• _DATA FOR ANALYSIS_:
______________________________
text \<open>Vectors in R^n are represented as functions nat => real; only the
coordinates 1..n are relevant.\<close>

definition cdiv :: "real \<Rightarrow> real \<Rightarrow> ereal" where
  "cdiv a c = (if c = 0 then (if a = 0 then 0 else \<infinity>) else ereal (a / c))"

definition inner_feasible :: "nat \<Rightarrow> nat \<Rightarrow> real \<Rightarrow> (nat \<Rightarrow> real) \<Rightarrow> (nat \<Rightarrow> real) \<Rightarrow> (nat \<Rightarrow> real) \<Rightarrow> bool" where
  "inner_feasible n k b d x z \<longleftrightarrow>
     (\<forall>i\<in>{1..n}. 0 \<le> z i \<and> z i \<le> 1) \<and>
     (\<Sum>i=1..n. cdiv ((d i * x i)\<^sup>2) (z i)) \<le> ereal b \<and>
     (\<Sum>i=1..n. z i) \<le> real k"

definition inner_max :: "nat \<Rightarrow> nat \<Rightarrow> real \<Rightarrow> (nat \<Rightarrow> real) \<Rightarrow> (nat \<Rightarrow> real) \<Rightarrow> ereal" where
  "inner_max n k b d y =
     (SUP xz \<in> {(x, z). inner_feasible n k b d x z}. ereal (\<Sum>i=1..n. fst xz i * y i))"

definition sorting_perm :: "nat \<Rightarrow> (nat \<Rightarrow> real) \<Rightarrow> (nat \<Rightarrow> real) \<Rightarrow> (nat \<Rightarrow> nat) \<Rightarrow> bool" where
  "sorting_perm n d y p \<longleftrightarrow> p permutes {1..n} \<and>
     (\<forall>i\<in>{1..n}. \<forall>j\<in>{1..n}. i \<le> j \<longrightarrow> (y (p j) / d (p j))\<^sup>2 \<le> (y (p i) / d (p i))\<^sup>2)"

definition s_val :: "nat \<Rightarrow> nat \<Rightarrow> (nat \<Rightarrow> real) \<Rightarrow> (nat \<Rightarrow> real) \<Rightarrow> real" where
  "s_val n k d y = (let p = (SOME p. sorting_perm n d y p) in
     (\<Sum>i=1..k. (y (p i) / d (p i))\<^sup>2))"

end

theory Submission imports Defs begin

text \<open>Write \<open>w\<^sub>i = (y\<^sub>i/d\<^sub>i)\<^sup>2\<close> and \<open>s\<close> for the sum of the \<open>k\<close> largest \<open>w\<^sub>i\<close>.
  Substituting \<open>u\<^sub>i = d\<^sub>i x\<^sub>i\<close>, the inner objective is \<open>\<Sum> u\<^sub>i (y\<^sub>i/d\<^sub>i)\<close>, and for every \<open>\<lambda> > 0\<close>
  the AM-GM inequality bounds it by \<open>\<lambda> \<Sum> u\<^sub>i\<^sup>2/z\<^sub>i + \<Sum> z\<^sub>i w\<^sub>i / (4\<lambda>) \<le> \<lambda> b + s/(4\<lambda>)\<close>,
  because a fractional choice of at most \<open>k\<close> weights \<open>z \<in> [0,1]\<^sup>n\<close> cannot beat the top \<open>k\<close>.
  Minimising over \<open>\<lambda>\<close> gives \<open>\<surd>(b s)\<close>, which is attained by putting \<open>z\<close> on the top \<open>k\<close>
  indices and \<open>x\<close> proportional to \<open>y\<^sub>i/d\<^sub>i\<^sup>2\<close> there.  The same threshold argument run
  dually, with \<open>\<mu> = w\<^sub>(\<^sub>k\<^sub>)/(4\<lambda>)\<close> and \<open>t\<^sub>i = max 0 (w\<^sub>i - w\<^sub>(\<^sub>k\<^sub>))/(4\<lambda>)\<close>, shows that the
  conic reformulation has the same value \<open>\<surd>(b s)\<close> for every fixed \<open>y\<close>.\<close>

lemma exists_decreasing_permutation:
  fixes f :: "nat \<Rightarrow> real"
  shows "\<exists>p. p permutes {1..n} \<and> (\<forall>i\<in>{1..n}. \<forall>j\<in>{1..n}. i \<le> j \<longrightarrow> f (p j) \<le> f (p i))"
proof -
  define xs where "xs = sort_key (\<lambda>i. - f i) [1..<n+1]"
  have len: "length xs = n" and dist: "distinct xs" and set_xs: "set xs = {1..n}"
    and sorted: "sorted (map (\<lambda>i. - f i) xs)"
    by (auto simp: xs_def)
  define p where "p i = (if i \<in> {1..n} then xs ! (i - 1) else i)" for i
  have "bij_betw ((!) xs) {..<n} {1..n}"
    using bij_betw_nth[OF dist] len set_xs by simp
  moreover have "bij_betw (\<lambda>i. i - 1) {1..n} {..<n}"
    by (rule bij_betw_byWitness[where f'="\<lambda>i. i + 1"]) auto
  ultimately have "bij_betw ((!) xs \<circ> (\<lambda>i. i - 1)) {1..n} {1..n}"
    by (rule bij_betw_trans[rotated])
  then have "bij_betw p {1..n} {1..n}"
    by (rule bij_betw_cong[THEN iffD1, rotated]) (simp add: p_def)
  then have perm: "p permutes {1..n}"
    by (rule bij_imp_permutes) (auto simp: p_def)
  have "f (p j) \<le> f (p i)" if "i \<in> {1..n}" "j \<in> {1..n}" "i \<le> j" for i j
    using sorted_nth_mono[OF sorted, of "i - 1" "j - 1"] that len by (simp add: p_def)
  with perm show ?thesis by blast
qed

lemma mult_le_perspective_add_square:
  fixes u v z lam :: real
  assumes "lam > 0" "z \<ge> 0" "z = 0 \<Longrightarrow> u = 0"
  shows "u * v \<le> lam * (u\<^sup>2 / z) + z * v\<^sup>2 / (4 * lam)"
proof (cases "z = 0")
  case False
  with assms have "lam * (u\<^sup>2 / z) + z * v\<^sup>2 / (4 * lam) - u * v = (2 * lam * u - z * v)\<^sup>2 / (4 * lam * z)"
    by (simp add: field_simps power2_eq_square)
  also have "\<dots> \<ge> 0" using assms by simp
  finally show ?thesis by simp
qed (use assms in simp)

lemma sqrt_mult_le_add_divide:
  fixes lam b S :: real
  assumes "lam > 0" "b \<ge> 0" "S \<ge> 0"
  shows "sqrt (b * S) \<le> lam * b + S / (4 * lam)"
proof -
  define X where "X = lam * b + S / (4 * lam)"
  have "X\<^sup>2 - b * S = (lam * b - S / (4 * lam))\<^sup>2"
    using assms(1) by (simp add: X_def field_simps power2_eq_square)
  then have "b * S \<le> X\<^sup>2" by (metis diff_ge_0_iff_ge zero_le_power2)
  moreover have "X \<ge> 0" using assms by (simp add: X_def)
  ultimately show ?thesis unfolding X_def[symmetric] by (metis real_sqrt_abs real_sqrt_le_mono abs_of_nonneg)
qed

lemma sqrt_mult_eq_add_divide_at_optimum:
  fixes b S :: real
  assumes "b > 0" "S > 0"
  defines "lam \<equiv> sqrt (b * S) / (2 * b)"
  shows "lam > 0" and "lam * b + S / (4 * lam) = sqrt (b * S)"
proof -
  define r where "r = sqrt (b * S)"
  have r: "r > 0" "r * r = b * S" using assms by (simp_all add: r_def)
  show "lam > 0" unfolding lam_def r_def[symmetric] using r assms by simp
  have "lam * b + S / (4 * lam) = r / 2 + (b * S) / (2 * r)"
    unfolding lam_def r_def[symmetric] using assms r by (simp add: field_simps)
  also have "\<dots> = r" using r by (simp add: r(2)[symmetric] field_simps)
  finally show "lam * b + S / (4 * lam) = sqrt (b * S)" by (simp add: r_def)
qed

locale top_k =
  fixes n k :: nat and w :: "nat \<Rightarrow> real" and p :: "nat \<Rightarrow> nat"
  assumes permutes: "p permutes {1..n}"
    and decreasing: "\<lbrakk>i \<in> {1..n}; j \<in> {1..n}; i \<le> j\<rbrakk> \<Longrightarrow> w (p j) \<le> w (p i)"
    and k_range: "k \<in> {1..n}"
    and nonneg: "0 \<le> w i"
begin

definition top_sum :: real where "top_sum = (\<Sum>j=1..k. w (p j))"

lemma permutation_in_range: "j \<in> {1..n} \<Longrightarrow> p j \<in> {1..n}"
  using permutes_in_image[OF permutes] by blast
______________________________
• _TASK DESCRIPTION_: Take the line containing "(simp add: r_def)" and each line after it up to the last line of the listing, and print them exactly.

• _COMPLETED EXERCISE_:
  finally show "lam * b + S / (4 * lam) = sqrt (b * S)" by (simp add: r_def)
qed

locale top_k =
  fixes n k :: nat and w :: "nat \<Rightarrow> real" and p :: "nat \<Rightarrow> nat"
  assumes permutes: "p permutes {1..n}"
    and decreasing: "\<lbrakk>i \<in> {1..n}; j \<in> {1..n}; i \<le> j\<rbrakk> \<Longrightarrow> w (p j) \<le> w (p i)"
    and k_range: "k \<in> {1..n}"
    and nonneg: "0 \<le> w i"
begin

definition top_sum :: real where "top_sum = (\<Sum>j=1..k. w (p j))"

lemma permutation_in_range: "j \<in> {1..n} \<Longrightarrow> p j \<in> {1..n}"
  using permutes_in_image[OF permutes] by blast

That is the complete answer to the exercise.